PROBLEM TO SOLVE.
Repeat nothing but the lines below running from the one containing "set \<Rightarrow> (nat" to the one containing "u_var [^]\<^bsub>ZSU\<^esub> (4::nat))". Keep both end lines.
┏━━
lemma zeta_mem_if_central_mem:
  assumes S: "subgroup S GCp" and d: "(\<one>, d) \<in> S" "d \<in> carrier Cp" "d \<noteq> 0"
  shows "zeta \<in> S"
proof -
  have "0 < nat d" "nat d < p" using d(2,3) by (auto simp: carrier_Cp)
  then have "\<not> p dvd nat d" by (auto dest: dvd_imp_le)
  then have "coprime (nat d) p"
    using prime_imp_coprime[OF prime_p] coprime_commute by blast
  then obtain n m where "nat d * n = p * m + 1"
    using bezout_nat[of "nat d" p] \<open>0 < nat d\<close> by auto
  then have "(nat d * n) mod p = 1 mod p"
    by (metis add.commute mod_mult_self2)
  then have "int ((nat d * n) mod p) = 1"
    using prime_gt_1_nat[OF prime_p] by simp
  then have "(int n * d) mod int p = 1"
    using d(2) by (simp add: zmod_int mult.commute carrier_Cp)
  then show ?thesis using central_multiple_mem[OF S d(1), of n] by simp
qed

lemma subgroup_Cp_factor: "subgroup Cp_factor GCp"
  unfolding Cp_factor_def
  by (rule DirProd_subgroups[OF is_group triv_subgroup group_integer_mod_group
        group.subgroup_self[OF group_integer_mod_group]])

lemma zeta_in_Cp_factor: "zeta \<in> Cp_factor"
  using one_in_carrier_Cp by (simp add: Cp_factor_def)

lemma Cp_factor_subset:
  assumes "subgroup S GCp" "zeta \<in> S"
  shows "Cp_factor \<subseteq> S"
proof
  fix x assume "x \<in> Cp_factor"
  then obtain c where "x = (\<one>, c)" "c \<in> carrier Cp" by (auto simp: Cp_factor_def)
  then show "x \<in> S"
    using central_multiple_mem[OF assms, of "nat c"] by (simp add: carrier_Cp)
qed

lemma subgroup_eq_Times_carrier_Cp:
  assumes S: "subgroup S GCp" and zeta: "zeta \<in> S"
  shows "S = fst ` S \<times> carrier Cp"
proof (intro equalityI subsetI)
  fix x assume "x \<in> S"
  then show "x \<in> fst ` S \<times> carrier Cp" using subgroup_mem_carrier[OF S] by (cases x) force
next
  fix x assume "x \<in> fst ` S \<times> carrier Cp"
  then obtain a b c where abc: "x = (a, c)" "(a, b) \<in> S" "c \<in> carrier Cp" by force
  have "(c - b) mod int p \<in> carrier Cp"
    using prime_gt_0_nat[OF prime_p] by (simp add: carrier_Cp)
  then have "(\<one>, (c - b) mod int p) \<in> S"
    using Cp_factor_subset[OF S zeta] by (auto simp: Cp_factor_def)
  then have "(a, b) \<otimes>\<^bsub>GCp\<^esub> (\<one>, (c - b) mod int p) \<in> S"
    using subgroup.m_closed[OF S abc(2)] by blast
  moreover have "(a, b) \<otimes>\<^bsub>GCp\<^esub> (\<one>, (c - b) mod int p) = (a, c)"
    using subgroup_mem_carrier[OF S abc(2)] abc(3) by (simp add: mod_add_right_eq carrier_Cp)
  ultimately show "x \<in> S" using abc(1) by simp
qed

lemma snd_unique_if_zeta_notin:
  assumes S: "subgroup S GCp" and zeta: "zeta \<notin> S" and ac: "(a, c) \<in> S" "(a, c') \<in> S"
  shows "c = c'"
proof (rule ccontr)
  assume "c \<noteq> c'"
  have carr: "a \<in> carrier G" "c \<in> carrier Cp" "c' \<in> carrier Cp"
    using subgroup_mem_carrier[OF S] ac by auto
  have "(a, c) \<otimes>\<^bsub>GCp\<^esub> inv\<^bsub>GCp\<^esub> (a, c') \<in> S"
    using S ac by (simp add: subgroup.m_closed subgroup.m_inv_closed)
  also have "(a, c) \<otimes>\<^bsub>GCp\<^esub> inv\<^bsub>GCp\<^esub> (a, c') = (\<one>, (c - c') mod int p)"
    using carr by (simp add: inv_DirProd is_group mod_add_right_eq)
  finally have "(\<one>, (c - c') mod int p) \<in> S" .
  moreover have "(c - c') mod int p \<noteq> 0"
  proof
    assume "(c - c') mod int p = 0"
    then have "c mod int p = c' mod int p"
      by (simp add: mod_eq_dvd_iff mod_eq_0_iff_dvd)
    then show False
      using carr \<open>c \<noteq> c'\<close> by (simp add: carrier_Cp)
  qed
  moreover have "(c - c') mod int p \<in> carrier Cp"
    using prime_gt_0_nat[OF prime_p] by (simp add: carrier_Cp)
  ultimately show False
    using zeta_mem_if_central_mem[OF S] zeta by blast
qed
┗━━
┏━━
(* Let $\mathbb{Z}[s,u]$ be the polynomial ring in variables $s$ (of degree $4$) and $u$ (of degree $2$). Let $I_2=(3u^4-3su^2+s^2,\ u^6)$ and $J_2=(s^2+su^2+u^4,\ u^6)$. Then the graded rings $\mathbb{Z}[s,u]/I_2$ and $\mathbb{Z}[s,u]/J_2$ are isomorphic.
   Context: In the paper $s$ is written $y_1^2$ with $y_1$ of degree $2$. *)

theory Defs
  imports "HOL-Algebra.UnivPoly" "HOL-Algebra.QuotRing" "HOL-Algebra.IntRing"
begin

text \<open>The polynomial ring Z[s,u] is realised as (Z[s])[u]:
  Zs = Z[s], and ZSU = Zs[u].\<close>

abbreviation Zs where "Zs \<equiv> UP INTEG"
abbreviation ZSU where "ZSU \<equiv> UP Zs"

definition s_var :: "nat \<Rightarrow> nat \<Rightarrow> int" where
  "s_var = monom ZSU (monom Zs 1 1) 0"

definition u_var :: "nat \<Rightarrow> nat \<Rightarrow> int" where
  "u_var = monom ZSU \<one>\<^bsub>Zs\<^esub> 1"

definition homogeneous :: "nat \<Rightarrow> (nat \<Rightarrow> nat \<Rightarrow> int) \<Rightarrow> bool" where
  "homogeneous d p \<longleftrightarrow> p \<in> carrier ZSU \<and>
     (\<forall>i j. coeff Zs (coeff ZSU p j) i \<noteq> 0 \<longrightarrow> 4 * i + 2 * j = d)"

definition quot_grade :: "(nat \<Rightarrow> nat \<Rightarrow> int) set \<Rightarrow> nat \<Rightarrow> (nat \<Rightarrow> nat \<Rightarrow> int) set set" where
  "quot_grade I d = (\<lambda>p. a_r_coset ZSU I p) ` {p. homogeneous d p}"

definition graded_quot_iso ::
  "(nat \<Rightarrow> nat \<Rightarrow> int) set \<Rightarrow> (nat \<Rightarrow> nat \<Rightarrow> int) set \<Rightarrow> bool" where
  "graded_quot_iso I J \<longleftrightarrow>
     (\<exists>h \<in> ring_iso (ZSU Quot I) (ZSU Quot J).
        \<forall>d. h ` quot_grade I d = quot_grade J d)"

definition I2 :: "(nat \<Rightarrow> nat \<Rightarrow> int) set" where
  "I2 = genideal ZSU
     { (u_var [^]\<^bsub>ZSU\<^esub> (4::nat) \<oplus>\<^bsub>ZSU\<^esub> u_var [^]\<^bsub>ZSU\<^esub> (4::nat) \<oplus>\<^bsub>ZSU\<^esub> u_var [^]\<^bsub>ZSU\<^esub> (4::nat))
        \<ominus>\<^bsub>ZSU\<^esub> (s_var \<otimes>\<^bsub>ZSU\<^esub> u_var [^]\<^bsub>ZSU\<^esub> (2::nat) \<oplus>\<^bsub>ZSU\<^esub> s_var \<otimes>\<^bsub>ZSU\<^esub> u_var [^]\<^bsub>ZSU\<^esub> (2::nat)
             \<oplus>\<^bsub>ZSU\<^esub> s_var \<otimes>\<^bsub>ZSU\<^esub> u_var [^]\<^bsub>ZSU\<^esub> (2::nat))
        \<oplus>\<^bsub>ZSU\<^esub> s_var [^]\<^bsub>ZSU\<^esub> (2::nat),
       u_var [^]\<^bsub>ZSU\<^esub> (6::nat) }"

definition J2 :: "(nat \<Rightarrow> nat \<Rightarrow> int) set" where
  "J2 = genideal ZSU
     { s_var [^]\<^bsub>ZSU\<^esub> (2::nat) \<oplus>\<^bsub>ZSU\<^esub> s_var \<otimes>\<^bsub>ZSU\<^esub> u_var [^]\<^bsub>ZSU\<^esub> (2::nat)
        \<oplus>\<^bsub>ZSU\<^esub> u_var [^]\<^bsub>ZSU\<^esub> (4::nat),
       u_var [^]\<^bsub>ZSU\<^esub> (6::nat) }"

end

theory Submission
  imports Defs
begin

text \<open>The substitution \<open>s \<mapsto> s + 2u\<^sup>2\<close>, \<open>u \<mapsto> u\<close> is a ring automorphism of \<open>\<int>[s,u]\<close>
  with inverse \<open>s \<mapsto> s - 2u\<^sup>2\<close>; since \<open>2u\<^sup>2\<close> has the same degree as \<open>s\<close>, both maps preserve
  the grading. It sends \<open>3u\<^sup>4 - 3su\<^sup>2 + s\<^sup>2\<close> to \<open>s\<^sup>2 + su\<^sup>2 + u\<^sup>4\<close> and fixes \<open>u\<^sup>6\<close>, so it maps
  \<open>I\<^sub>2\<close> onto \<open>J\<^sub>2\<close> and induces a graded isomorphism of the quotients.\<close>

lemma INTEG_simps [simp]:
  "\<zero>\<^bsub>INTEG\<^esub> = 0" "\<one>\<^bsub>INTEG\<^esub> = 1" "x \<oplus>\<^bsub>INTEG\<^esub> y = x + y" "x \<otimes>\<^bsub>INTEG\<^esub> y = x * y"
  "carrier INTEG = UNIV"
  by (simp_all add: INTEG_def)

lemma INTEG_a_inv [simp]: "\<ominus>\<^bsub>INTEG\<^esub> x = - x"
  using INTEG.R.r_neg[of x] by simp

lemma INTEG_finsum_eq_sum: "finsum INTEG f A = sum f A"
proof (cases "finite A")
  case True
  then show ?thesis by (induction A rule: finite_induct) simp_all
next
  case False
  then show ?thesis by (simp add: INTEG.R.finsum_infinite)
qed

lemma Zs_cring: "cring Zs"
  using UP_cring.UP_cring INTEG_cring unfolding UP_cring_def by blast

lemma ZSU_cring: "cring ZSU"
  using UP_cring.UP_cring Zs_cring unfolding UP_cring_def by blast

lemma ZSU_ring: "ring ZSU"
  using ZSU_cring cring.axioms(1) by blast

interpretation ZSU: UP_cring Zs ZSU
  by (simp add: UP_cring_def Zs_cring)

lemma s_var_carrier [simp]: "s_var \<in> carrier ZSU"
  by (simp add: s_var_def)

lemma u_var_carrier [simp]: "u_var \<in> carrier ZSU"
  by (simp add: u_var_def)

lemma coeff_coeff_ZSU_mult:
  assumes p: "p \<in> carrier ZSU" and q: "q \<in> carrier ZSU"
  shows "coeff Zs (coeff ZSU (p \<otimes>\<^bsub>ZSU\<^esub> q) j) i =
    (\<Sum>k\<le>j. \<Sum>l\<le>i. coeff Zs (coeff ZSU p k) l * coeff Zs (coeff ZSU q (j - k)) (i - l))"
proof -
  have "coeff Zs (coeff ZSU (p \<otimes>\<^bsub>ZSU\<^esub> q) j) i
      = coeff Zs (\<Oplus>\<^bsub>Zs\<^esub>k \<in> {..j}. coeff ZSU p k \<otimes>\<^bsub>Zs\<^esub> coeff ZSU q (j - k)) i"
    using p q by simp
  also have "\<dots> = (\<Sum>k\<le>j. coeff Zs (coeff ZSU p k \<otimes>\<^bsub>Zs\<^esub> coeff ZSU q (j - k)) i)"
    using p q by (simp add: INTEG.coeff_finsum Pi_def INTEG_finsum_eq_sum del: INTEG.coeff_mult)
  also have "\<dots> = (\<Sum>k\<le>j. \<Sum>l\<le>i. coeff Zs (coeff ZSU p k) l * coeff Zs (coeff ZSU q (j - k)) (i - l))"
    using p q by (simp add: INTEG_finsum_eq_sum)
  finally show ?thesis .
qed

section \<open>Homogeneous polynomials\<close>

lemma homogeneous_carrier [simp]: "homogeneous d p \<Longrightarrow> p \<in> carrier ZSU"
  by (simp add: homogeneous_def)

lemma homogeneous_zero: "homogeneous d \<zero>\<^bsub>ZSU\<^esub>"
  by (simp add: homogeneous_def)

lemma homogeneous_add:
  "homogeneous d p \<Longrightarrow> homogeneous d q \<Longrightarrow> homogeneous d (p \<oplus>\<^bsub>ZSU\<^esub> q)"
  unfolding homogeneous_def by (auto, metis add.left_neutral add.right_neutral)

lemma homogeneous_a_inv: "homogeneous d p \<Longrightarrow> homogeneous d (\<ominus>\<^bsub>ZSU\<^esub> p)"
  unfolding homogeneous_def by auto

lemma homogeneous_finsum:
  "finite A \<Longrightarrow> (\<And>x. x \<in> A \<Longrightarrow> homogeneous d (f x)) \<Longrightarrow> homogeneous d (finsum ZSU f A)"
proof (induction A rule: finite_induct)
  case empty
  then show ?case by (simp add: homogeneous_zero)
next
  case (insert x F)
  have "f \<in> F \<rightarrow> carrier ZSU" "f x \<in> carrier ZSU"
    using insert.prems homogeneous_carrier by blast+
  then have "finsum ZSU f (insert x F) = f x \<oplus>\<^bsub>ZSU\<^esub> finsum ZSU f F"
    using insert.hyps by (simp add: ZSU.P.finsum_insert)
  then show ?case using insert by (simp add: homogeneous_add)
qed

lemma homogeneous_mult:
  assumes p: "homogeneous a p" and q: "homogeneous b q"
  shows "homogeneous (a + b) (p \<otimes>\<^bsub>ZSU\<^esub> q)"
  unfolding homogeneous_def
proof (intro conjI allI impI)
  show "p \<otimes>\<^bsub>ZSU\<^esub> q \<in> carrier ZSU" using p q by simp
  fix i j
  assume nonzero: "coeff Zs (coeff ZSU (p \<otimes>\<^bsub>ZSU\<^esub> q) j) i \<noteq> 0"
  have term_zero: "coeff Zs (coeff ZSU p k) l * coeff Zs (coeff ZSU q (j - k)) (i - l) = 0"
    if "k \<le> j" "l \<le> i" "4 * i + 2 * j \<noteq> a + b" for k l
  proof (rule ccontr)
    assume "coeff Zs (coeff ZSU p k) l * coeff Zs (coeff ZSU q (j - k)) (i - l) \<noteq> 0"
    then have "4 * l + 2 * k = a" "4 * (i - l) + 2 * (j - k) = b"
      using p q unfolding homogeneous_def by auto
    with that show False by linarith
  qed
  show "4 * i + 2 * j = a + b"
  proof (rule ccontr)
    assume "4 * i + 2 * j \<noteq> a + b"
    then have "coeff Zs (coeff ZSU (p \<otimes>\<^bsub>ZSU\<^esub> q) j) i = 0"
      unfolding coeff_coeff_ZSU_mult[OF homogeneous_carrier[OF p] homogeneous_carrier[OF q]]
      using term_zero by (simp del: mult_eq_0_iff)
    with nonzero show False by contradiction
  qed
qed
┗━━
EXPECTED OUTPUT.
  "(nat \<Rightarrow> nat \<Rightarrow> int) set \<Rightarrow> (nat \<Rightarrow> nat \<Rightarrow> int) set \<Rightarrow> bool" where
  "graded_quot_iso I J \<longleftrightarrow>
     (\<exists>h \<in> ring_iso (ZSU Quot I) (ZSU Quot J).
        \<forall>d. h ` quot_grade I d = quot_grade J d)"

definition I2 :: "(nat \<Rightarrow> nat \<Rightarrow> int) set" where
  "I2 = genideal ZSU
     { (u_var [^]\<^bsub>ZSU\<^esub> (4::nat) \<oplus>\<^bsub>ZSU\<^esub> u_var [^]\<^bsub>ZSU\<^esub> (4::nat) \<oplus>\<^bsub>ZSU\<^esub> u_var [^]\<^bsub>ZSU\<^esub> (4::nat))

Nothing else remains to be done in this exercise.